## Work order:
Nothing less than an exact copy of all the records is required.

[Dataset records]

(* Let $\tau:E\to\mathbb{R}$ be a fibre bundle with $\dim E=n+1$, let $J^1\tau^*$ be the dual of its first jet bundle, and let $R$ be a type $(1,1)$ tensor field on $E$ with $R(dt)=0$. Let $\widetilde{R}$ be the complete lift of $R$ to $J^1\tau^*$ and let $P$ be the canonical Poisson map on $J^1\tau^*$. Then $(P,\widetilde{R})$ is a Poisson–Nijenhuis structure on $J^1\tau^*$ if and only if $N_R=0$, where $N_R$ is the Nijenhuis torsion of $R$.
   Context: Setting: $\tau:E\to\mathbb{R}$ is a fibre bundle, $\dim E=n+1$, with adapted local coordinates $(t,q^i)$, $i=1,\dots,n$ ($t$ the coordinate of $\mathbb{R}$); allowed coordinate changes are $t\mapsto t$, $q^i\mapsto Q^i(t,q)$. The manifold $J^1\tau^*$ is the quotient $T^*E/\langle dt\rangle$: a point over $x\in E$ is a class of covectors at $x$ modulo multiples of $dt_x$; $\pi:J^1\tau^*\to E$ is the projection. Induced coordinates are $(t,q^i,p_i)$, meaning the class is represented by $p_i\,dq^i$; under $Q^i=Q^i(t,q)$ one has $P_j=p_i\,\partial q^i/\partial Q^j$. A $(1,1)$ tensor acts on 1-forms by the adjoint: $\langle R(X),\alpha\rangle=\langle X,R(\alpha)\rangle$. $R(dt)=0$ means that locally $R=R^i_j(t,q)\,\partial_{q^i}\otimes dq^j+R^i_0(t,q)\,\partial_{q^i}\otimes dt$. Complete lift: $\widetilde{R}$ is the $(1,1)$ tensor field on $J^1\tau^*$ given in coordinates by $\widetilde{R}=R^i_j\big(\partial_{q^i}\otimes dq^j+\partial_{p_j}\otimes dp_i\big)+R^i_0\,\partial_{q^i}\otimes dt+p_i\big(\tfrac{\partial R^i_j}{\partial q^k}-\tfrac{\partial R^i_k}{\partial q^j}\big)\partial_{p_j}\otimes dq^k+p_i\big(\tfrac{\partial R^i_k}{\partial t}-\tfrac{\partial R^i_0}{\partial q^k}\big)\partial_{p_k}\otimes dt$ (this is well defined). Canonical Poisson structure: the bivector $\Lambda=\partial_{q^i}\wedge\partial_{p_i}$ on $J^1\tau^*$ (the Poisson structure induced from the canonical one on $T^*E$ via the projection $T^*E\to J^1\tau^*$), i.e. $\{F,G\}=\frac{\partial F}{\partial q^i}\frac{\partial G}{\partial p_i}-\frac{\partial F}{\partial p_i}\frac{\partial G}{\partial q^i}$; the Poisson map $P$ from 1-forms to vector fields is defined by $\Lambda(\alpha,\beta)=\langle P(\alpha),\beta\rangle$. Nijenhuis torsion of a $(1,1)$ tensor $S$: $N_S(X,Y)=[SX,SY]+S^2[X,Y]-S[SX,Y]-S[X,SY]$. Poisson–Nijenhuis structure: a pair $(P,N)$ with $P$ a Poisson map and $N$ a $(1,1)$ tensor such that $P\circ N=N\circ P$ (with $N$ acting on 1-forms by its adjoint), $N_N=0$, and the Magri–Morosi concomitant $\mu_{N,P}(\sigma,Z):=(\mathcal{L}_{P(\sigma)}N)(Z)-P\big(\mathcal{L}_Z(N(\sigma))\big)+P\big(\mathcal{L}_{N(Z)}\sigma\big)$ vanishes for all 1-forms $\sigma$ and vector fields $Z$. *)

theory Defs
  imports "HOL-Analysis.Analysis"
begin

## Exercise answer:
(* Let $\tau:E\to\mathbb{R}$ be a fibre bundle with $\dim E=n+1$, let $J^1\tau^*$ be the dual of its first jet bundle, and let $R$ be a type $(1,1)$ tensor field on $E$ with $R(dt)=0$. Let $\widetilde{R}$ be the complete lift of $R$ to $J^1\tau^*$ and let $P$ be the canonical Poisson map on $J^1\tau^*$. Then $(P,\widetilde{R})$ is a Poisson–Nijenhuis structure on $J^1\tau^*$ if and only if $N_R=0$, where $N_R$ is the Nijenhuis torsion of $R$.
   Context: Setting: $\tau:E\to\mathbb{R}$ is a fibre bundle, $\dim E=n+1$, with adapted local coordinates $(t,q^i)$, $i=1,\dots,n$ ($t$ the coordinate of $\mathbb{R}$); allowed coordinate changes are $t\mapsto t$, $q^i\mapsto Q^i(t,q)$. The manifold $J^1\tau^*$ is the quotient $T^*E/\langle dt\rangle$: a point over $x\in E$ is a class of covectors at $x$ modulo multiples of $dt_x$; $\pi:J^1\tau^*\to E$ is the projection. Induced coordinates are $(t,q^i,p_i)$, meaning the class is represented by $p_i\,dq^i$; under $Q^i=Q^i(t,q)$ one has $P_j=p_i\,\partial q^i/\partial Q^j$. A $(1,1)$ tensor acts on 1-forms by the adjoint: $\langle R(X),\alpha\rangle=\langle X,R(\alpha)\rangle$. $R(dt)=0$ means that locally $R=R^i_j(t,q)\,\partial_{q^i}\otimes dq^j+R^i_0(t,q)\,\partial_{q^i}\otimes dt$. Complete lift: $\widetilde{R}$ is the $(1,1)$ tensor field on $J^1\tau^*$ given in coordinates by $\widetilde{R}=R^i_j\big(\partial_{q^i}\otimes dq^j+\partial_{p_j}\otimes dp_i\big)+R^i_0\,\partial_{q^i}\otimes dt+p_i\big(\tfrac{\partial R^i_j}{\partial q^k}-\tfrac{\partial R^i_k}{\partial q^j}\big)\partial_{p_j}\otimes dq^k+p_i\big(\tfrac{\partial R^i_k}{\partial t}-\tfrac{\partial R^i_0}{\partial q^k}\big)\partial_{p_k}\otimes dt$ (this is well defined). Canonical Poisson structure: the bivector $\Lambda=\partial_{q^i}\wedge\partial_{p_i}$ on $J^1\tau^*$ (the Poisson structure induced from the canonical one on $T^*E$ via the projection $T^*E\to J^1\tau^*$), i.e. $\{F,G\}=\frac{\partial F}{\partial q^i}\frac{\partial G}{\partial p_i}-\frac{\partial F}{\partial p_i}\frac{\partial G}{\partial q^i}$; the Poisson map $P$ from 1-forms to vector fields is defined by $\Lambda(\alpha,\beta)=\langle P(\alpha),\beta\rangle$. Nijenhuis torsion of a $(1,1)$ tensor $S$: $N_S(X,Y)=[SX,SY]+S^2[X,Y]-S[SX,Y]-S[X,SY]$. Poisson–Nijenhuis structure: a pair $(P,N)$ with $P$ a Poisson map and $N$ a $(1,1)$ tensor such that $P\circ N=N\circ P$ (with $N$ acting on 1-forms by its adjoint), $N_N=0$, and the Magri–Morosi concomitant $\mu_{N,P}(\sigma,Z):=(\mathcal{L}_{P(\sigma)}N)(Z)-P\big(\mathcal{L}_Z(N(\sigma))\big)+P\big(\mathcal{L}_{N(Z)}\sigma\big)$ vanishes for all 1-forms $\sigma$ and vector fields $Z$. *)

theory Defs
  imports "HOL-Analysis.Analysis"
begin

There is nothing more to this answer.